lemma norm_diff_le_lipnorm:
  assumes "f \<in> Lip0"
  shows "norm (f x - f y) \<le> lipnorm f * norm (x - y)"
proof (cases "x = y")
  case False
  have "norm (f x - f y) / norm (x - y) \<le> lipnorm f"
    unfolding lipnorm_def using False
    by (intro cSup_upper[OF _ bdd_above_difference_quotients[OF assms]]) blast
  then show ?thesis
    using False by (simp add: divide_le_eq mult.commute)
qed simp

text \<open>
  On the space \<open>{0}\<close> there are no pairs of distinct points and \<open>lipnorm\<close> is the unspecified
  value \<open>Sup {}\<close>; this is why most lemmas below assume a point \<open>a \<noteq> 0\<close>.
\<close>

lemma lipnorm_le:
  fixes f :: "'a::real_normed_vector \<Rightarrow> 'b::real_normed_vector"
  assumes "\<exists>a::'a. a \<noteq> 0" and "\<And>x y. x \<noteq> y \<Longrightarrow> norm (f x - f y) \<le> K * norm (x - y)"
  shows "lipnorm f \<le> K"
  unfolding lipnorm_def
proof (rule cSup_least)
  show "{norm (f x - f y) / norm (x - y) | x y. x \<noteq> y} \<noteq> {}"
    using assms(1) by blast
next
  fix r
  assume "r \<in> {norm (f x - f y) / norm (x - y) | x y. x \<noteq> y}"
  then obtain x y where "x \<noteq> y" "r = norm (f x - f y) / norm (x - y)"
    by blast
  then show "r \<le> K"
    using assms(2)[of x y] by (simp add: divide_le_eq mult.commute)
qed

lemma lipnorm_nonneg:
  fixes f :: "'a::real_normed_vector \<Rightarrow> 'b::real_normed_vector"
  assumes "\<exists>a::'a. a \<noteq> 0" and "f \<in> Lip0"
  shows "0 \<le> lipnorm f"
proof -
  obtain a :: 'a where "a \<noteq> 0"
    using assms(1) by blast
  then have "norm (f a - f 0) / norm (a - 0) \<in> {norm (f x - f y) / norm (x - y) | x y. x \<noteq> y}"
    by blast
  then have "norm (f a - f 0) / norm (a - 0) \<le> lipnorm f"
    unfolding lipnorm_def by (rule cSup_upper[OF _ bdd_above_difference_quotients[OF assms(2)]])
  moreover have "0 \<le> norm (f a - f 0) / norm (a - 0)"
    by simp
  ultimately show ?thesis
    by linarith
qed

lemma Lip0_add: "g \<in> Lip0 \<Longrightarrow> h \<in> Lip0 \<Longrightarrow> (\<lambda>x. g x + h x) \<in> Lip0"
  unfolding Lip0_def using lipschitz_on_add by fastforce

lemma Lip0_scale: "g \<in> Lip0 \<Longrightarrow> (\<lambda>x. c * (g x :: real)) \<in> Lip0"
  unfolding Lip0_def using lipschitz_on_cmult_real by fastforce

lemma Lip0_zero: "(\<lambda>x::'a::real_normed_vector. 0::'b::real_normed_vector) \<in> Lip0"
  unfolding Lip0_def using lipschitz_on_constant by blast

lemma lipnorm_zero:
  assumes "\<exists>a::'a. a \<noteq> 0"
  shows "lipnorm (\<lambda>x::'a::real_normed_vector. 0::'b::real_normed_vector) = 0"
  using lipnorm_le[OF assms, of "\<lambda>x. 0::'b" 0] lipnorm_nonneg[OF assms Lip0_zero[where 'b='b]]
  by simp

lemma lip_dual_zero:
  assumes "\<phi> \<in> lip_dual TYPE('a::real_normed_vector)"
  shows "\<phi> (\<lambda>x::'a. 0) = 0"
proof -
  have "\<forall>g\<in>Lip0. \<forall>c. \<phi> (\<lambda>x. c * g x) = c * \<phi> g"
    using assms unfolding lip_dual_def by blast
  from this[rule_format, OF Lip0_zero, of 0] show ?thesis
    by simp
qed

lemma bdd_above_lip_dual:
  assumes nontrivial: "\<exists>a::'a. a \<noteq> 0" and "\<phi> \<in> lip_dual TYPE('a::real_normed_vector)"
  shows "bdd_above {\<bar>\<phi> g\<bar> | g. g \<in> Lip0 \<and> lipnorm (g :: 'a \<Rightarrow> real) \<le> 1}"
proof -
  obtain C where C: "\<forall>g\<in>Lip0. \<bar>\<phi> g\<bar> \<le> C * lipnorm (g :: 'a \<Rightarrow> real)"
    using assms(2) unfolding lip_dual_def by blast
  have "\<bar>\<phi> g\<bar> \<le> \<bar>C\<bar>" if "g \<in> Lip0" "lipnorm g \<le> 1" for g
  proof -
    have "\<bar>\<phi> g\<bar> \<le> C * lipnorm g"
      using C that(1) by blast
    also have "\<dots> \<le> \<bar>C\<bar> * lipnorm g"
      using lipnorm_nonneg[OF nontrivial that(1)] by (simp add: mult_right_mono)
    also have "\<dots> \<le> \<bar>C\<bar>"
      using that(2) by (simp add: mult_left_le)
    finally show ?thesis .
  qed
  then show ?thesis
    unfolding bdd_above_def by blast
qed

lemma abs_le_dnorm:
  assumes "\<exists>a::'a. a \<noteq> 0" and "\<phi> \<in> lip_dual TYPE('a::real_normed_vector)"
    and "g \<in> Lip0" "lipnorm (g :: 'a \<Rightarrow> real) \<le> 1"
  shows "\<bar>\<phi> g\<bar> \<le> dnorm \<phi>"
  unfolding dnorm_def using assms(3,4) by (intro cSup_upper[OF _ bdd_above_lip_dual[OF assms(1,2)]]) blast

lemma dnorm_le:
  fixes \<phi> :: "('a::real_normed_vector \<Rightarrow> real) \<Rightarrow> real"
  assumes "\<exists>a::'a. a \<noteq> 0" and "\<And>g. g \<in> Lip0 \<Longrightarrow> lipnorm (g :: 'a \<Rightarrow> real) \<le> 1 \<Longrightarrow> \<bar>\<phi> g\<bar> \<le> B"
  shows "dnorm \<phi> \<le> B"
  unfolding dnorm_def
proof (rule cSup_least)
  show "{\<bar>\<phi> g\<bar> |g. g \<in> Lip0 \<and> lipnorm g \<le> 1} \<noteq> {}"
    using Lip0_zero[where 'a='a and 'b=real] lipnorm_zero[OF assms(1), where 'b=real] by fastforce
qed (use assms(2) in blast)

lemma dnorm_nonneg:
  assumes "\<exists>a::'a. a \<noteq> 0" and "\<phi> \<in> lip_dual TYPE('a::real_normed_vector)"
  shows "0 \<le> dnorm \<phi>"
  using abs_le_dnorm[OF assms Lip0_zero[where 'b=real]] lipnorm_zero[OF assms(1), where 'b=real]
    lip_dual_zero[OF assms(2)]
  by simp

EXERCISE AIM>
Report the count of lines in the entries that contain "simp". Nothing else should be given.

RESULT OF THE TASK>
9